> [WHAT YOU HAVE TO DO]
In the listing below, find the line containing "h * h * pdx" and the line containing "define u where". Repeat exactly those two lines and every line between them, nothing more.

> [GIVEN RECORDS]
(* Let $\mathfrak{g}$ be a Lie algebra with structure constants $c^\alpha_{\beta\gamma}$ in a basis $\{e_\alpha\}$. Suppose that an $\mathrm{End}(\mathfrak{g})$-valued vector field $\xi^\alpha_\beta{}^j$ on Minkowski space satisfies \[\partial^{(i}\xi^{|\alpha|}_\beta{}^{j)}=\eta^{ij}k^\alpha_\beta,\qquad \xi^\alpha_\beta{}^jc^\beta_{\gamma\delta}+c^\alpha_{\beta\gamma}\xi^\beta_\delta{}^j=0\] for some functions $k^\alpha_\beta$. Then $Q^\alpha_i=\xi^\alpha_\beta{}^jF^\beta_{ij}$ are the components of a first order generalized symmetry of the Yang-Mills equations.
   Context: Minkowski space has coordinates $x^i$, $i=0,\dots,3$, metric $\eta=\mathrm{diag}(-1,1,1,1)$ (used to raise/lower indices); round brackets denote symmetrization, with $|\alpha|$ excluded. $[e_\beta,e_\gamma]=c^\alpha_{\beta\gamma}e_\alpha$. Jet coordinates $x^i,a^\alpha_i,a^\alpha_{i,j_1},\dots$ for $\mathfrak{g}$-valued potentials $a^\alpha_i$; differential functions are smooth functions of finitely many jet coordinates; $D_i$ is the total derivative; $\nabla_iG^\alpha=D_iG^\alpha+c^\alpha_{\beta\gamma}a^\beta_iG^\gamma$; $[G,H]^\alpha=c^\alpha_{\beta\gamma}G^\beta H^\gamma$. Field tensor $F^\alpha_{ij}=a^\alpha_{j,i}-a^\alpha_{i,j}+c^\alpha_{\beta\gamma}a^\beta_ia^\gamma_j$; Yang-Mills equations $\nabla^jF_{ij}=0$, with $p$-fold prolonged solution manifold $\mathcal R^p$ defined by $\nabla_{i_1}\cdots\nabla_{i_r}\nabla^jF_{i_{r+1}j}=0$, $0\le r\le p$. A generalized symmetry of order $p$ is a collection of $\mathfrak{g}$-valued differential functions $Q^\alpha_i$ of order $p$ with $\nabla^j\nabla_iQ_j-\nabla^j\nabla_jQ_i-[F_i{}^j,Q_j]=0$ on $\mathcal R^p$. *)

theory Defs
  imports "HOL-Analysis.Analysis" "HOL-Library.Multiset"
begin

text \<open>Jet variables: X i = x^i ; A a i J = a^a_{i,J} with J a multiset of
  derivative indices (symmetric in the derivative indices).\<close>

datatype 'g jvar = X 4 | A 'g 4 "4 multiset"

type_synonym 'g jpt = "'g jvar \<Rightarrow> real"
type_synonym 'g dfun = "'g jpt \<Rightarrow> real"

text \<open>Minkowski metric diag(-1,1,1,1) (its own inverse).\<close>
definition eta :: "4 \<Rightarrow> 4 \<Rightarrow> real" where
  "eta i j = (if i = j then (if i = 0 then -1 else 1) else 0)"

text \<open>c a b d = c^a_{bd}: structure constants of a real Lie algebra.\<close>
definition lie_structure :: "('g::finite \<Rightarrow> 'g \<Rightarrow> 'g \<Rightarrow> real) \<Rightarrow> bool" where
  "lie_structure c \<longleftrightarrow> (\<forall>a b d. c a b d = - c a d b) \<and>
     (\<forall>a b d e. (\<Sum>f\<in>UNIV. c a b f * c f d e + c a d f * c f e b + c a e f * c f b d) = 0)"

fun vord :: "'g jvar \<Rightarrow> nat" where
  "vord (X _) = 0"
| "vord (A _ _ J) = size J"

definition pdv :: "'g jvar \<Rightarrow> 'g dfun \<Rightarrow> 'g dfun" where
  "pdv v f p = deriv (\<lambda>t. f (p(v := t))) (p v)"

fun iterpd :: "'g jvar list \<Rightarrow> 'g dfun \<Rightarrow> 'g dfun" where
  "iterpd [] f = f"
| "iterpd (v # ws) f = pdv v (iterpd ws f)"

definition smooth_jet :: "'g dfun \<Rightarrow> bool" where
  "smooth_jet f \<longleftrightarrow> (\<forall>ws. continuous_on UNIV (iterpd ws f) \<and>
      (\<forall>v p. (\<lambda>t. iterpd ws f (p(v := t))) differentiable (at (p v))))"

definition diff_fun :: "nat \<Rightarrow> 'g dfun \<Rightarrow> bool" where
  "diff_fun n f \<longleftrightarrow>
     (\<exists>S. finite S \<and> (\<forall>v\<in>S. vord v \<le> n) \<and> (\<forall>p q. (\<forall>v\<in>S. p v = q v) \<longrightarrow> f p = f q))
     \<and> smooth_jet f"

fun is_avar :: "'g jvar \<Rightarrow> bool" where
  "is_avar (X _) = False"
| "is_avar (A _ _ _) = True"

fun shiftv :: "4 \<Rightarrow> 'g jvar \<Rightarrow> 'g jvar" where
  "shiftv i (X k) = X k"
| "shiftv i (A a k J) = A a k (J + {#i#})"

text \<open>Total derivative D_i = d/dx^i + sum a^a_{k,Ji} d/da^a_{k,J}
  (only finitely many nonzero terms for a differential function).\<close>
definition totD :: "4 \<Rightarrow> 'g dfun \<Rightarrow> 'g dfun" where
  "totD i f p = pdv (X i) f p +
     (\<Sum>v\<in>{v. is_avar v \<and> pdv v f p \<noteq> 0}. p (shiftv i v) * pdv v f p)"

definition Fld :: "('g::finite \<Rightarrow> 'g \<Rightarrow> 'g \<Rightarrow> real) \<Rightarrow> 'g \<Rightarrow> 4 \<Rightarrow> 4 \<Rightarrow> 'g dfun" where
  "Fld c a i j p = p (A a j {#i#}) - p (A a i {#j#})
     + (\<Sum>b\<in>UNIV. \<Sum>d\<in>UNIV. c a b d * p (A b i {#}) * p (A d j {#}))"

definition cov :: "('g::finite \<Rightarrow> 'g \<Rightarrow> 'g \<Rightarrow> real) \<Rightarrow> 4 \<Rightarrow> ('g \<Rightarrow> 'g dfun) \<Rightarrow> ('g \<Rightarrow> 'g dfun)" where
  "cov c i G a p = totD i (G a) p + (\<Sum>b\<in>UNIV. \<Sum>d\<in>UNIV. c a b d * p (A b i {#}) * G d p)"

fun covs :: "('g::finite \<Rightarrow> 'g \<Rightarrow> 'g \<Rightarrow> real) \<Rightarrow> 4 list \<Rightarrow> ('g \<Rightarrow> 'g dfun) \<Rightarrow> ('g \<Rightarrow> 'g dfun)" where
  "covs c [] G = G"
| "covs c (i # is) G = cov c i (covs c is G)"

definition YM :: "('g::finite \<Rightarrow> 'g \<Rightarrow> 'g \<Rightarrow> real) \<Rightarrow> 4 \<Rightarrow> 'g \<Rightarrow> 'g dfun" where
  "YM c i a p = (\<Sum>j\<in>UNIV. eta j j * cov c j (\<lambda>b. Fld c b i j) a p)"

definition onR :: "('g::finite \<Rightarrow> 'g \<Rightarrow> 'g \<Rightarrow> real) \<Rightarrow> nat \<Rightarrow> 'g jpt \<Rightarrow> bool" where
  "onR c n p \<longleftrightarrow> (\<forall>is i a. length is \<le> n \<longrightarrow> covs c is (YM c i) a p = 0)"

text \<open>Generalized symmetry of order n: Q i a = Q^a_i.\<close>
definition gen_symmetry :: "('g::finite \<Rightarrow> 'g \<Rightarrow> 'g \<Rightarrow> real) \<Rightarrow> nat \<Rightarrow> (4 \<Rightarrow> 'g \<Rightarrow> 'g dfun) \<Rightarrow> bool" where
  "gen_symmetry c n Q \<longleftrightarrow> (\<forall>i a. diff_fun n (Q i a)) \<and>
     (\<forall>p. onR c n p \<longrightarrow> (\<forall>i a.
        (\<Sum>j\<in>UNIV. eta j j * (cov c j (cov c i (Q j)) a p - cov c j (cov c j (Q i)) a p))
        - (\<Sum>j\<in>UNIV. \<Sum>b\<in>UNIV. \<Sum>d\<in>UNIV. c a b d * (eta j j * Fld c b i j p) * Q j d p) = 0))"

definition pdx :: "4 \<Rightarrow> (real^4 \<Rightarrow> real) \<Rightarrow> real^4 \<Rightarrow> real" where
  "pdx i g x = deriv (\<lambda>t. g (x + t *\<^sub>R axis i 1)) 0"

fun ipdx :: "4 list \<Rightarrow> (real^4 \<Rightarrow> real) \<Rightarrow> real^4 \<Rightarrow> real" where
  "ipdx [] g = g"
| "ipdx (i # is) g = pdx i (ipdx is g)"

definition smooth4 :: "(real^4 \<Rightarrow> real) \<Rightarrow> bool" where
  "smooth4 g \<longleftrightarrow> (\<forall>is x. ipdx is g differentiable (at x))"

end

theory Submission
  imports Defs
begin

(* Write Q_i = sum_l xi_l F_il, where xi_l is the matrix (xi^a_b^l)_{a,b}. The second hypothesis
   says that each xi_l commutes with ad, so it passes through every bracket and
   nabla_k (xi_l G) = (d_k xi_l) G + xi_l nabla_k G. Expanding the linearized Yang-Mills operator
   on Q therefore leaves three groups of terms, according to the number of derivatives of xi.
   The terms without derivatives vanish on solutions by the Bianchi identity, the Ricci identity
   and the once-prolonged field equations. The terms with one derivative vanish because, by the
   conformal Killing equation, d^j xi^l is antisymmetric up to a multiple of eta^jl; with the
   Bianchi identity and the field equations again, their contraction against nabla F is zero.
   The second derivatives of a conformal Killing field are determined by the gradient of k, and
   their contraction against the antisymmetric F vanishes identically.
   Total derivatives are computed in the algebra of polynomials in the jet coordinates with
   smooth coefficients in x, where they obey the Leibniz rule and commute. *)

section \<open>Directional derivatives on Minkowski space\<close>

lemma has_real_derivative_along_axis:
  fixes z :: "real^'n"
  assumes "(g has_derivative g') (at (z + s0 *\<^sub>R axis i 1))"
  shows "((\<lambda>s. g (z + s *\<^sub>R axis i 1)) has_real_derivative g' (axis i 1)) (at s0)"
proof -
  have "((\<lambda>s. z + s *\<^sub>R axis i (1::real)) has_derivative (\<lambda>h. h *\<^sub>R axis i 1)) (at s0)"
    by (auto intro!: derivative_eq_intros)
  from diff_chain_at[OF this assms]
  have "((\<lambda>s. g (z + s *\<^sub>R axis i 1)) has_derivative (\<lambda>h. g' (h *\<^sub>R axis i 1))) (at s0)"
    by (simp add: o_def)
  moreover have "(\<lambda>h. g' (h *\<^sub>R axis i 1)) = (*) (g' (axis i 1))"
    using has_derivative_linear[OF assms] by (auto simp: linear_scale)
  ultimately show ?thesis by (simp add: has_field_derivative_def)
qed

lemma has_real_derivative_pdx:
  assumes "g differentiable at (z + s0 *\<^sub>R axis i 1)"
  shows "((\<lambda>s. g (z + s *\<^sub>R axis i 1)) has_real_derivative pdx i g (z + s0 *\<^sub>R axis i 1)) (at s0)"
proof -
  let ?y = "z + s0 *\<^sub>R axis i 1"
  obtain g' where g': "(g has_derivative g') (at ?y)"
    using assms by (auto simp: differentiable_def)
  have "((\<lambda>s. g (?y + s *\<^sub>R axis i 1)) has_real_derivative g' (axis i 1)) (at 0)"
    using has_real_derivative_along_axis[of g g' ?y 0] g' by simp
  then have "pdx i g ?y = g' (axis i 1)"
    unfolding pdx_def by (rule DERIV_imp_deriv)
  then show ?thesis
    using has_real_derivative_along_axis[OF g'] by simp
qed

lemma has_real_derivative_pdx_at_0:
  "g differentiable at y \<Longrightarrow> ((\<lambda>s. g (y + s *\<^sub>R axis i 1)) has_real_derivative pdx i g y) (at 0)"
  using has_real_derivative_pdx[of g y 0 i] by simp

lemma smooth4_pdx:
  assumes "smooth4 g"
  shows "smooth4 (pdx i g)"
proof -
  have "ipdx (is @ [i]) g = ipdx is (pdx i g)" for "is"
    by (induction "is") auto
  then show ?thesis
    using assms unfolding smooth4_def by metis
qed

lemma smooth4_differentiable: "smooth4 g \<Longrightarrow> g differentiable at x"
  unfolding smooth4_def by (metis ipdx.simps(1))

lemma smooth4_continuous_on: "smooth4 g \<Longrightarrow> continuous_on UNIV g"
  by (meson continuous_at_imp_continuous_on differentiable_imp_continuous_within smooth4_differentiable)

lemma pdx_eqI: "((\<lambda>s. g (y + s *\<^sub>R axis i 1)) has_real_derivative D) (at 0) \<Longrightarrow> pdx i g y = D"
  unfolding pdx_def by (rule DERIV_imp_deriv)

lemma pdx_add:
  "f differentiable at y \<Longrightarrow> g differentiable at y \<Longrightarrow> pdx i (\<lambda>x. f x + g x) y = pdx i f y + pdx i g y"
  by (intro pdx_eqI DERIV_add has_real_derivative_pdx_at_0)

lemma pdx_cmult: "f differentiable at y \<Longrightarrow> pdx i (\<lambda>x. r * f x) y = r * pdx i f y"
  by (intro pdx_eqI DERIV_cmult has_real_derivative_pdx_at_0)

lemma pdx_sum:
  "(\<And>s. s \<in> T \<Longrightarrow> f s differentiable at y) \<Longrightarrow> pdx i (\<lambda>x. \<Sum>s\<in>T. f s x) y = (\<Sum>s\<in>T. pdx i (f s) y)"
  by (intro pdx_eqI DERIV_sum has_real_derivative_pdx_at_0)

lemma pdx_const: "pdx i (\<lambda>x. r) y = 0"
  by (simp add: pdx_def)

lemma second_difference_mvt:
  assumes g: "smooth4 g" and h: "h > 0"
  obtains y where "dist y x \<le> 2 * h"
    "g (x + h *\<^sub>R axis i 1 + h *\<^sub>R axis j 1) - g (x + h *\<^sub>R axis i 1) - g (x + h *\<^sub>R axis j 1) + g x
     = h * h * pdx j (pdx i g) y"
proof -
  let ?ei = "axis i (1::real)" and ?ej = "axis j (1::real)"
  have gd: "g differentiable at y" "pdx i g differentiable at y" for y
    using g smooth4_pdx smooth4_differentiable by blast+
  define u where "u s = g (x + h *\<^sub>R ?ej + s *\<^sub>R ?ei) - g (x + s *\<^sub>R ?ei)" for s
  have u': "(u has_real_derivative (pdx i g (x + h *\<^sub>R ?ej + s *\<^sub>R ?ei) - pdx i g (x + s *\<^sub>R ?ei))) (at s)" for s
    unfolding u_def[abs_def] by (intro DERIV_diff has_real_derivative_pdx gd)
  obtain s where s: "0 < s" "s < h"
    and us: "u h - u 0 = h * (pdx i g (x + h *\<^sub>R ?ej + s *\<^sub>R ?ei) - pdx i g (x + s *\<^sub>R ?ei))"
    using MVT2[OF h u'] by auto
  define v where "v t = pdx i g (x + s *\<^sub>R ?ei + t *\<^sub>R ?ej)" for t
  have v': "(v has_real_derivative pdx j (pdx i g) (x + s *\<^sub>R ?ei + t *\<^sub>R ?ej)) (at t)" for t
    unfolding v_def[abs_def] by (intro has_real_derivative_pdx gd)
  obtain t where t: "0 < t" "t < h"
    and vt: "v h - v 0 = h * pdx j (pdx i g) (x + s *\<^sub>R ?ei + t *\<^sub>R ?ej)"
    using MVT2[OF h v'] by auto
  have v_diff: "v h - v 0 = pdx i g (x + h *\<^sub>R ?ej + s *\<^sub>R ?ei) - pdx i g (x + s *\<^sub>R ?ei)"
    unfolding v_def by (simp add: algebra_simps)
  have "dist (x + s *\<^sub>R ?ei + t *\<^sub>R ?ej) x \<le> norm (s *\<^sub>R ?ei) + norm (t *\<^sub>R ?ej)"
    unfolding dist_norm by (metis add_diff_cancel_left' add.assoc norm_triangle_ineq)
  then have "dist (x + s *\<^sub>R ?ei + t *\<^sub>R ?ej) x \<le> 2 * h"
    using s t by simp
  moreover have "u h - u 0 = g (x + h *\<^sub>R ?ei + h *\<^sub>R ?ej) - g (x + h *\<^sub>R ?ei) - g (x + h *\<^sub>R ?ej) + g x"
    unfolding u_def by (simp add: algebra_simps)
  ultimately show ?thesis
    using that us vt v_diff by auto
qed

> [SOLUTION TO THIS TASK]
     = h * h * pdx j (pdx i g) y"
proof -
  let ?ei = "axis i (1::real)" and ?ej = "axis j (1::real)"
  have gd: "g differentiable at y" "pdx i g differentiable at y" for y
    using g smooth4_pdx smooth4_differentiable by blast+
  define u where "u s = g (x + h *\<^sub>R ?ej + s *\<^sub>R ?ei) - g (x + s *\<^sub>R ?ei)" for s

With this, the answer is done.